Я делаю дырку в губах, мне вставляют в нее папиросу, я тяну по команде, еловый дым наливается в меня, плывет закуток, едут стены, разглаживаются черты у Аннели, ей не больно, и мне становится спокойней, я тоже закрываю глаза.

Почему легче быть искренним с мертвыми?

Не знаю. Мы тут ничего не знаем про мертвых, совсем ничего.

Ночь я провожу рядом с ней. Лечь на ее матрас не осмеливаюсь — сижу на стуле. Утром с телом надо будет что-то придумать, говорит святой отец. О каком он это теле? Мне все равно.

Где-то там существует ее ребенок, который еще и мой, так сказала Аннели, но я не хочу его видеть, боюсь его поломать. Кто виноват в том, что она умерла? Я? Девочка? Мальчик? Безрукие повитухи? Кому мстить?

Я убираю простыню с ее лица.

Смотрю: нет, это не Аннели. А где же она?

Сверху через ширму за мной подсматривает соседский Георг, забравшись на стул.

Проживаю ночь без сна, в странном угаре, иногда мне кажется, что она глядит на меня, отомкнула веки и блестит зрачками, и губы как бы движутся, но слов не разобрать. Что-то не успела сказать, рассуждаю я в этом мороке. Ничего не успела.

Наутро вокруг нас собирается весь сквот — двадцать человек. Тут еще двое мужчин, остальные женщины и дети.

— Я хотел бы отпеть ее, — осторожно говорит отец Андре.

— Слушай, ты! — Я подскакиваю к нему, вцепляюсь в его глотку. — Это из-за тебя она! Что твои кресты ей не помогли, а?! Теперь-то зачем?! Не прикасайся к ней, слышишь?! Не смей!

Я отшвыриваю его, он отползает в сторону. Кто-то продолжает за него:

— По христианскому обычаю усопшего следует земле предать. Но тут негде. Нет земли.

Нет в Европе земли, только бетон и композит, а растения все корнями в питательной жидкости барахтаются. Как же быть?

— На двести пятом ярусе измельчители стоят. Для мусора, — вспоминают другие.

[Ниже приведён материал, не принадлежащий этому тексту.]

lemma Fset_subset_Fset_add_gdist:
  assumes "simple_graph E" "graph_connected E"
  shows "Fset E \<delta> e x k n \<subseteq> Fset E \<delta> e y (k + gdist E x y) n"
proof
  fix z assume "z \<in> Fset E \<delta> e x k n"
  then obtain y' g i where z: "\<not> real (gdist E e z) \<le> 3 * \<delta>" "gdist E x y' \<le> k" "geodesic E g y' e"
     "n \<le> i" "i \<le> 2 * n" "i \<le> gdist E y' e" "z = g i" unfolding Fset_def by blast
  have "gdist E y y' \<le> gdist E y x + gdist E x y'" by (rule gdist_triangle[OF assms(2)])
  hence "gdist E y y' \<le> k + gdist E x y" using z(2) gdist_commute[OF assms, of x y] by simp
  thus "z \<in> Fset E \<delta> e y (k + gdist E x y) n" unfolding Fset_def using z by blast
qed

lemma Hfun_eq_card:
  "Hfun E \<delta> e x n z = real (card {k. 4 * k \<le> n \<and> z \<in> Fset E \<delta> e x k n}) / real n"
proof -
  have "{k. 4 * k \<le> n} = {..n div 4}" by auto
  hence "finite {k. 4 * k \<le> n}" by simp
  thus ?thesis
    unfolding Hfun_def Ffun_def indicator_def by (simp add: sum.If_cases Int_def conj_commute)
qed
theorem theorem18:
  fixes n :: nat and E :: "nat \<Rightarrow> nat \<Rightarrow> bool" and u v :: nat and p :: "nat list"
  assumes "simple_graph n E"
    and "u < n" and "v < n"
    and "graph_path E p u v"
    and "\<forall>q. graph_path E q u v \<longrightarrow> q = p"
    and "length p - 1 \<ge> 7"
    and "\<forall>i. 0 < i \<and> i < length p - 1 \<longrightarrow> graph_degree n E (p ! i) = 2"
  shows "\<exists>k::real. eigenvalue (adj_matrix n E) k \<and> k \<notin> \<int>"
proof (rule nonintegral_eigenvalue_if_path_segment[OF assms(1)])
  \<comment> \<open>Only the vertices p ! 0, ..., p ! 6 are used: neither the uniqueness of the path nor
    its endpoints matter.\<close>
  show "degree_2_path_segment n E (nth p)"
    using assms(4,6,7) unfolding degree_2_path_segment_def graph_path_def
    by (auto intro: inj_on_nth)
qed

end
lemma square_mod_4D_mult_unit_imp:
  assumes w: "w \<noteq> 0" "ord w = 0" "val_ge 2 (w - b\<^sup>2)" and D: "D \<noteq> 0" "square_mod_4D D"
  shows "square_mod_4D (w * D)"
proof -
  obtain s where s: "val_ge (ord D + 2) (D - s\<^sup>2)"
    using D(2) by (auto simp: square_mod_4D_def)
  have "val_ge (ord D) (D - (D - s\<^sup>2))"
    by (rule val_ge_diff[OF val_ge_self val_ge_mono[OF s]]) simp
  then have "val_ge (ord D + 2) (w * (D - s\<^sup>2) + s\<^sup>2 * (w - b\<^sup>2))"
    using s w by (intro val_ge_add val_ge_integral_mult val_ge_mult) (simp_all add: val_ge_unit)
  moreover have "w * (D - s\<^sup>2) + s\<^sup>2 * (w - b\<^sup>2) = w * D - (b * s)\<^sup>2"
    by (simp add: power2_eq_square algebra_simps)
  moreover have "ord (w * D) = ord D"
    using w D by (simp add: ord_mult)
  ultimately show ?thesis
    unfolding square_mod_4D_def by metis
qed

lemma square_mod_4D_mult_unit:
  assumes w: "w \<noteq> 0" "ord w = 0" "val_ge 2 (w - b\<^sup>2)" and D: "D \<noteq> 0"
  shows "square_mod_4D (w * D) \<longleftrightarrow> square_mod_4D D"
proof
  assume sq: "square_mod_4D (w * D)"
  have "b\<^sup>2 \<noteq> 0 \<and> ord (b\<^sup>2) = 0"
    using unit_of_congruent_unit[OF w(1,2) val_ge_mono[OF w(3)]] by simp
  then have b: "b\<^sup>2 \<noteq> 0" "ord (inverse (w * b\<^sup>2)) = 0"
    using w by (simp_all add: ord_inverse ord_mult)
  have "val_ge (2 + 0) ((b\<^sup>2 - w) * inverse (w * b\<^sup>2))"
    using w b by (intro val_ge_mult) (simp_all add: val_ge_diff_commute[of 2 "b\<^sup>2"] val_ge_unit)
  moreover have "(b\<^sup>2 - w) * inverse (w * b\<^sup>2) = inverse w - (inverse b)\<^sup>2"
    using w b by (simp add: field_simps power2_eq_square)
  ultimately have "val_ge 2 (inverse w - (inverse b)\<^sup>2)"
    by simp
  moreover have "inverse w \<noteq> 0" "ord (inverse w) = 0" "w * D \<noteq> 0"
    using w D by (simp_all add: ord_inverse)
  ultimately have "square_mod_4D (inverse w * (w * D))"
    using sq square_mod_4D_mult_unit_imp by blast
  then show "square_mod_4D D"
    using w by (simp add: mult.assoc[symmetric])
qed (rule square_mod_4D_mult_unit_imp[OF w D])

lemma ord_DB:
  assumes "det B \<noteq> 0"
  shows "DB B \<noteq> 0" "ord (DB B) = 2 * int (dim_row B div 2) + ord (det B)"
  using assms by (simp_all add: DB_def ord_mult ord_power)

lemma xiB_eq_0_iff:
  assumes "det B \<noteq> 0"
  shows "xiB ord B = 0 \<longleftrightarrow> odd (ord (DB B)) \<or> \<not> square_mod_4D (DB B)"
  using xi_disc_classification[OF ord_DB(1)[OF assms]] by (auto simp: xiB_def)

lemma DeltaB_even:
  assumes "even (dim_row B)" "det B \<noteq> 0"
  shows "DeltaB ord B
    = ord (DB B) - (if odd (ord (DB B)) then 2 else if square_mod_4D (DB B) then 0 else 1)"
proof -
  have "(xi_of ord (DB B))\<^sup>2 = 1" if "xi_of ord (DB B) \<noteq> 0"
    using that by (auto simp: xi_of_def split: if_splits)
  then show ?thesis
    using xi_disc_classification[OF ord_DB(1)[OF assms(2)]] assms(1)
    by (auto simp: DeltaB_def xiB_def)
qed

subsection \<open>Appending a block to a pre-optimal form\<close>

lemma ord_prod_list_units:
  "(\<And>x. x \<in> set xs \<Longrightarrow> x \<noteq> 0 \<and> ord x = 0) \<Longrightarrow> prod_list xs \<noteq> 0 \<and> ord (prod_list xs) = 0"
  by (induct xs) (auto simp: ord_mult)

lemma unimod_diag_det:
  assumes "unimod_diag ord C"
  obtains m where "C \<in> carrier_mat m m" "det C \<noteq> 0" "ord (det C) = 0"
proof -
  obtain m where m: "C \<in> carrier_mat m m" and "diagonal_mat C"
    and units: "\<forall>i<dim_row C. is_unit ord (C $$ (i, i))"
    using assms unfolding unimod_diag_def by blast
  then have "upper_triangular C"
    unfolding diagonal_mat_def upper_triangular_def by auto
  then have "det C = prod_list (diag_mat C)"
    using m by (rule det_upper_triangular)
  moreover have "x \<noteq> 0 \<and> ord x = 0" if "x \<in> set (diag_mat C)" for x
    using that units by (auto simp: diag_mat_def is_unit_def)
  ultimately show ?thesis
    using that m ord_prod_list_units by metis
qed

text \<open>For \<open>2C = [[a, b], [b, d]]\<close> with \<open>a, d \<in> 2\<o>\<close>, \<open>-det (2C) = b\<^sup>2 - ad\<close> is a unit and a square
  modulo 4.\<close>

lemma half_even_unimod_det:
  assumes "half_even_unimod ord C"
  obtains b where "C \<in> carrier_mat 2 2" "- (4 * det C) \<noteq> 0" "ord (- (4 * det C)) = 0"
    "val_ge 2 (- (4 * det C) - b\<^sup>2)"
proof -
  define M where "M = (2::'a) \<cdot>\<^sub>m C"
  have C: "C \<in> carrier_mat 2 2" and sym: "M $$ (0, 1) = M $$ (1, 0)"
    and diag: "val_ge 1 (M $$ (0, 0))" "val_ge 1 (M $$ (1, 1))" and unit: "is_unit ord (det M)"
    using assms unfolding half_even_unimod_def Let_def M_def in_2o_iff_val_ge by auto
  have M: "M \<in> carrier_mat 2 2"
    using C by (simp add: M_def)
  have det: "det M = 4 * det C"
    using C by (simp add: M_def)
  have "- det M - (M $$ (0, 1))\<^sup>2 = - (M $$ (0, 0) * M $$ (1, 1))"
    using det_carrier_mat_2[OF M] sym by (simp add: power2_eq_square)
  moreover have "val_ge (1 + 1) (M $$ (0, 0) * M $$ (1, 1))"
    using diag by (rule val_ge_mult)
  ultimately have "val_ge 2 (- det M - (M $$ (0, 1))\<^sup>2)"
    by simp
  then show ?thesis
    using that C unit det by (simp add: is_unit_def)
qed

lemma block_nondegenerate:
  assumes "unimod_diag ord C \<or> half_even_unimod ord C"
  shows "\<exists>m. C \<in> carrier_mat m m \<and> det C \<noteq> 0"
  using assms unimod_diag_det half_even_unimod_det by (metis mult_zero_right neg_0_equal_iff_equal)

lemma ord_DB_form_of_snoc:
  fixes bs :: "(nat \<times> 'a mat) list" and k :: nat and C :: "'a mat"
  assumes B1: "form_of bs \<in> carrier_mat n n" "det (form_of bs) \<noteq> 0"
    and C: "C \<in> carrier_mat m m" "det C \<noteq> 0"
  defines "B \<equiv> form_of (bs @ [(k, C)])"
  shows "dim_row B = n + m" "det B \<noteq> 0"
    and "ord (DB B) = ord (DB (form_of bs)) + 2 * int ((n + m) div 2 - n div 2) + int k * int m + ord (det C)"
proof -
  show "dim_row B = n + m" "det B \<noteq> 0"
    using form_of_snoc[OF B1(1) C(1), of k] B1 C by (simp_all add: B_def)
  have "ord (((2::'a) ^ k) ^ m) = int k * int m"
    by (simp add: ord_power)
  then show "ord (DB B) = ord (DB (form_of bs)) + 2 * int ((n + m) div 2 - n div 2) + int k * int m + ord (det C)"
    unfolding B_def DB_form_of_snoc[OF B1(1) C(1)]
    using ord_DB(1)[OF B1(2)] C(2) by (simp add: ord_mult ord_power)
qed
lemma normV_le:
  assumes "finite (states G)" and "0 \<le> c"
    and "\<And>i s. i < nag G \<Longrightarrow> s \<in> states G \<Longrightarrow> \<bar>w i s\<bar> \<le> c"
  shows "normV G w \<le> c"
proof -
  have "{\<bar>w i s\<bar> | i s. i < nag G \<and> s \<in> states G} = (\<lambda>(i, s). \<bar>w i s\<bar>) ` ({..<nag G} \<times> states G)"
    by auto
  then show ?thesis
    unfolding normV_def using assms by (subst Max_le_iff) auto
qed

lemma abs_minimax_op_diff_le:
  assumes wf: "mgspa_wf G" and "0 \<le> disc G"
    and fin: "\<forall>i<nag G. finite (acts G i)" "\<forall>i<nag G. finite (advs G i)"
    and pis: "\<forall>j<nag G. pis j \<in> policies (states G) (acts G j)"
    and rhos: "\<forall>j<nag G. rhos j \<in> policies (states G) (advs G j)"
    and "i < nag G" and s: "s \<in> states G" and "0 \<le> N"
    and close: "\<And>s'. s' \<in> states G \<Longrightarrow> \<bar>v s' - u s'\<bar> \<le> N"
  shows "\<bar>minimax_op G pis rhos i v s - minimax_op G pis rhos i u s\<bar> \<le> disc G * N"
proof -
  have c: "0 \<le> disc G * N" using \<open>0 \<le> disc G\<close> \<open>0 \<le> N\<close> by simp
  show ?thesis
    unfolding minimax_op_def
  proof (rule abs_cSUP_diff_le[OF _ c], rule abs_cINF_diff_le[OF _ c])
    fix pol' rho'
    assume "pol' \<in> policies (states G) (acts G i)" "rho' \<in> policies (states G) (advs G i)"
    then have "dist_on (states G) (trans_mat G (pis(i := pol')) (rhos(i := rho')) s)"
      using pis rhos by (intro trans_mat_dist_on[OF wf fin _ _ s]) auto
    then have "\<bar>apply_P G (pis(i := pol')) (rhos(i := rho')) (\<lambda>s'. v s' - u s') s\<bar> \<le> N"
      unfolding apply_P_def using close by (rule dist_on_abs_sum_le)
    then show "\<bar>exp_reward G (pis(i := pol')) (rhos(i := rho')) i s
                + disc G * apply_P G (pis(i := pol')) (rhos(i := rho')) v s
              - (exp_reward G (pis(i := pol')) (rhos(i := rho')) i s
                + disc G * apply_P G (pis(i := pol')) (rhos(i := rho')) u s)\<bar> \<le> disc G * N"
      using \<open>0 \<le> disc G\<close>
      by (simp add: apply_P_diff right_diff_distrib[symmetric] abs_mult mult_left_mono)
  qed
qed
(* The reduced tight span $\mathbf{F}(\mathbb{S}^1)=\{f:[0,\pi]\to\mathbb{R}\ 1\text{-Lipschitz}:0\le f\le\pi,\ f(0)+f(\pi)=\pi\}$ with the sup norm is isometric to $\mathbf{E}(\mathbb{S}^1)$.
   Context: $\mathbb{S}^1=\mathbb{R}/2\pi$ with its geodesic metric. For a metric space $X$, $\Delta(X)=\{f:X\to\mathbb{R}\text{ bounded}:f(x)+f(x')\ge d_X(x,x')\}$ and the tight span $\mathbf{E}(X)$ is the set of pointwise-minimal elements of $\Delta(X)$ with the sup-norm metric. *)

theory Defs
  imports "HOL-Analysis.Analysis" "HOL-Library.FuncSet"
begin

text \<open>A metric space is given by a carrier set S and a distance function d on it.
Real-valued functions on S are represented as extensional functions (value undefined off S).\<close>

definition Delta :: "'a set \<Rightarrow> ('a \<Rightarrow> 'a \<Rightarrow> real) \<Rightarrow> ('a \<Rightarrow> real) set" where
  "Delta S d = {f \<in> extensional S. (\<exists>B. \<forall>x\<in>S. \<bar>f x\<bar> \<le> B) \<and>
                  (\<forall>x\<in>S. \<forall>y\<in>S. f x + f y \<ge> d x y)}"

definition tight_span :: "'a set \<Rightarrow> ('a \<Rightarrow> 'a \<Rightarrow> real) \<Rightarrow> ('a \<Rightarrow> real) set" where
  "tight_span S d = {f \<in> Delta S d. \<forall>g\<in>Delta S d.
       (\<forall>x\<in>S. g x \<le> f x) \<longrightarrow> (\<forall>x\<in>S. g x = f x)}"
definition preadditive :: "('o, 'm) acat \<Rightarrow> bool" where
  "preadditive C \<longleftrightarrow>
     (\<forall>a \<in> Obj C. \<forall>b \<in> Obj C.
        zero C a b \<in> hom C a b \<and>
        (\<forall>f \<in> hom C a b. \<forall>g \<in> hom C a b. add C f g \<in> hom C a b) \<and>
        (\<forall>f \<in> hom C a b. neg C f \<in> hom C a b) \<and>
        (\<forall>f \<in> hom C a b. \<forall>g \<in> hom C a b. \<forall>h \<in> hom C a b.
            add C (add C f g) h = add C f (add C g h)) \<and>
        (\<forall>f \<in> hom C a b. \<forall>g \<in> hom C a b. add C f g = add C g f) \<and>
        (\<forall>f \<in> hom C a b. add C f (zero C a b) = f) \<and>
        (\<forall>f \<in> hom C a b. add C f (neg C f) = zero C a b)) \<and>
     (\<forall>a \<in> Obj C. \<forall>b \<in> Obj C. \<forall>c \<in> Obj C. \<forall>f \<in> hom C a b.
        \<forall>g \<in> hom C b c. \<forall>g' \<in> hom C b c.
          comp C (add C g g') f = add C (comp C g f) (comp C g' f)) \<and>
     (\<forall>a \<in> Obj C. \<forall>b \<in> Obj C. \<forall>c \<in> Obj C. \<forall>g \<in> hom C a b.
        \<forall>g' \<in> hom C a b. \<forall>h \<in> hom C b c.
          comp C h (add C g g') = add C (comp C h g) (comp C h g'))"

definition has_zero_object :: "('o, 'm) acat \<Rightarrow> bool" where
  "has_zero_object C \<longleftrightarrow>
     (\<exists>z \<in> Obj C. \<forall>a \<in> Obj C. (\<exists>!f. f \<in> hom C z a) \<and> (\<exists>!f. f \<in> hom C a z))"

definition has_binary_products :: "('o, 'm) acat \<Rightarrow> bool" where
  "has_binary_products C \<longleftrightarrow>
     (\<forall>a \<in> Obj C. \<forall>b \<in> Obj C. \<exists>p \<in> Obj C. \<exists>p1 \<in> hom C p a. \<exists>p2 \<in> hom C p b.
        \<forall>c \<in> Obj C. \<forall>f \<in> hom C c a. \<forall>g \<in> hom C c b.
          \<exists>!u. u \<in> hom C c p \<and> comp C p1 u = f \<and> comp C p2 u = g)"

definition is_mono :: "('o, 'm) acat \<Rightarrow> 'm \<Rightarrow> bool" where
  "is_mono C m \<longleftrightarrow> m \<in> Mor C \<and>
     (\<forall>g \<in> Mor C. \<forall>h \<in> Mor C. cod C g = dom C m \<and> cod C h = dom C m \<and>
        dom C g = dom C h \<and> comp C m g = comp C m h \<longrightarrow> g = h)"

definition is_epi :: "('o, 'm) acat \<Rightarrow> 'm \<Rightarrow> bool" where
  "is_epi C e \<longleftrightarrow> e \<in> Mor C \<and>
     (\<forall>g \<in> Mor C. \<forall>h \<in> Mor C. dom C g = cod C e \<and> dom C h = cod C e \<and>
        cod C g = cod C h \<and> comp C g e = comp C h e \<longrightarrow> g = h)"
(* Let $\lambda>0$ and $0<\nu_n\le1$ for $n\ge1$, and let $p_*^{\nu_n}(n,t)$ be the solution of $$\partial_t^{\nu_n} p_*^{\nu_n}(n,t)=-\lambda n\,p_*^{\nu_n}(n,t)+\lambda (n-1)\,p_*^{\nu_{n-1}}(n-1,t),\qquad n\geq 1,$$ with $p_*^{\nu_0}(0,t)=0$, $p_*^{\nu_1}(1,0)=1$ and $p_*^{\nu_n}(n,0)=0$ for $n\ge2$ (the state dependent linear birth process, i.e. the state dependent fractional pure birth process with $\lambda_n=\lambda n$). Then $$p^{\nu_n}_*(n,t)=\frac{(-1)^{n-1}}{n}\sum_{k=n-1}^{\infty}(-\lambda)^k\sum_{\Lambda^k_n}\frac{t^{\sum_{j=1}^nk_j\nu_j}\prod_{j=1}^nj^{k_j}}{\Gamma\big(1+\sum_{j=1}^nk_j\nu_j\big)},\qquad n\geq1,$$ where $\Lambda^k_n=\{(k_1,\ldots,k_n):\ \sum_{j=1}^nk_j=k,\ k_1\in\mathbb{N}_0,\ k_j\in\mathbb{N}_0\setminus\{0\} \text{ for } 2\leq j\leq n\}$.
   Context: $\mathbb{N}_0$ denotes the set of nonnegative integers. For $0<\nu<1$, $\partial_t^{\nu}f(t)=\frac{1}{\Gamma(1-\nu)}\int_0^t (t-s)^{-\nu}f'(s)\,\mathrm{d}s$ is the Caputo derivative, and $\partial_t^{1}f=f'$. *)

theory Defs
  imports "HOL-Analysis.Analysis"
begin

definition caputo :: "real \<Rightarrow> (real \<Rightarrow> real) \<Rightarrow> real \<Rightarrow> real" where
  "caputo nu f t =
     (if nu = 1 then deriv f t
      else (1 / Gamma (1 - nu)) * integral {0..t} (\<lambda>s. (t - s) powr (- nu) * deriv f s))"

definition caputo_regular :: "real \<Rightarrow> (real \<Rightarrow> real) \<Rightarrow> bool" where
  "caputo_regular nu f \<longleftrightarrow>
     continuous_on {0..} f \<and>
     (\<forall>t>0. f differentiable (at t)) \<and>
     (nu < 1 \<longrightarrow> (\<forall>t>0. (\<lambda>s. (t - s) powr (- nu) * deriv f s) absolutely_integrable_on {0..t}))"

text \<open>Lambda^k_n: tuples (k_1,...,k_n), encoded as a list ks of length n with k_j = ks!(j-1),
  summing to k, with k_j >= 1 for 2 <= j <= n.\<close>
definition Lambda_set :: "nat \<Rightarrow> nat \<Rightarrow> nat list set" where
  "Lambda_set n k = {ks. length ks = n \<and> sum_list ks = k \<and> (\<forall>j\<in>{2..n}. ks ! (j - 1) \<ge> 1)}"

Измельчители. Жечь — значит, транжирить энергию и органику. Быть истертым на удобрения — другого выхода отсюда у тех, кто решил умереть, нет. Все же измельчитель.

Не хочу. Что делать?

Нам всем туда, рано или поздно.

Я пытался тебя от него спасти, Аннели, но мне удалось только отложить этот день. Я выбил для тебя девять месяцев отсрочки, но все заканчивается так же, как и тогда.

— Пусть, — отзываюсь я; кто-то другой за меня решает.

Бабы пытаются показать мне моего ребенка — вон какая милашка! — завернутая в тряпку кегля, прилипшая к чужой измотанной груди.

— Да, да.

Не могу к ней подойти.

Мы выносим Аннели вчетвером на сложенных простынях, женщины сделали так, чтобы только лицо было видно. Мертвого мальчика ей положили на живот, примотали, спрятали. Я шагаю впереди, справа от меня отец Андре, видеть его не хочу, позади двое мужчин. Проходим через зал с безмозглыми пузырящимися тушами, испачканный сукровицей свет играет на лбу моей женщины.

Идем по коридору, навстречу нам несутся слепые гиганты, угрожая размозжить всех нас за мгновение, где-то за стенами дышат и ворочаются невидимые могучие механизмы, что-то штампуют, отливают, скручивают, производят. Жизнь идет своим чередом.

Садимся в великанский лифт, едем рядом с безразличными роботами вниз, пока не добираемся до нужного этажа. Там фабрика по утилизации органики. Я как у себя дома: эти устройства мне знакомы. Отыскиваем свободный саркофаг — воровато, пока мусорщики заняты в другом углу.

Святой отец украдкой крестит ее, шевелит губешками — но я занят. Я говорю Аннели: «До свидания». Он тем временем слоняется по залу — и возвращается с цветами. Пожухшими, измятыми желтыми цветами.

Мы кладем букет ей на грудь и опускаем тяжелую прозрачную крышку.

Потом я убегаю, трус, слабак.

Боюсь помнить, как она превращается в пыль. Не буду помнить ее вчерашней. Сохраню ее, как в Барселоне. Как на бульварах, как на набережной. Смеющейся, злой, живой. Куда мне ее девать мертвую? Как таскать за собой?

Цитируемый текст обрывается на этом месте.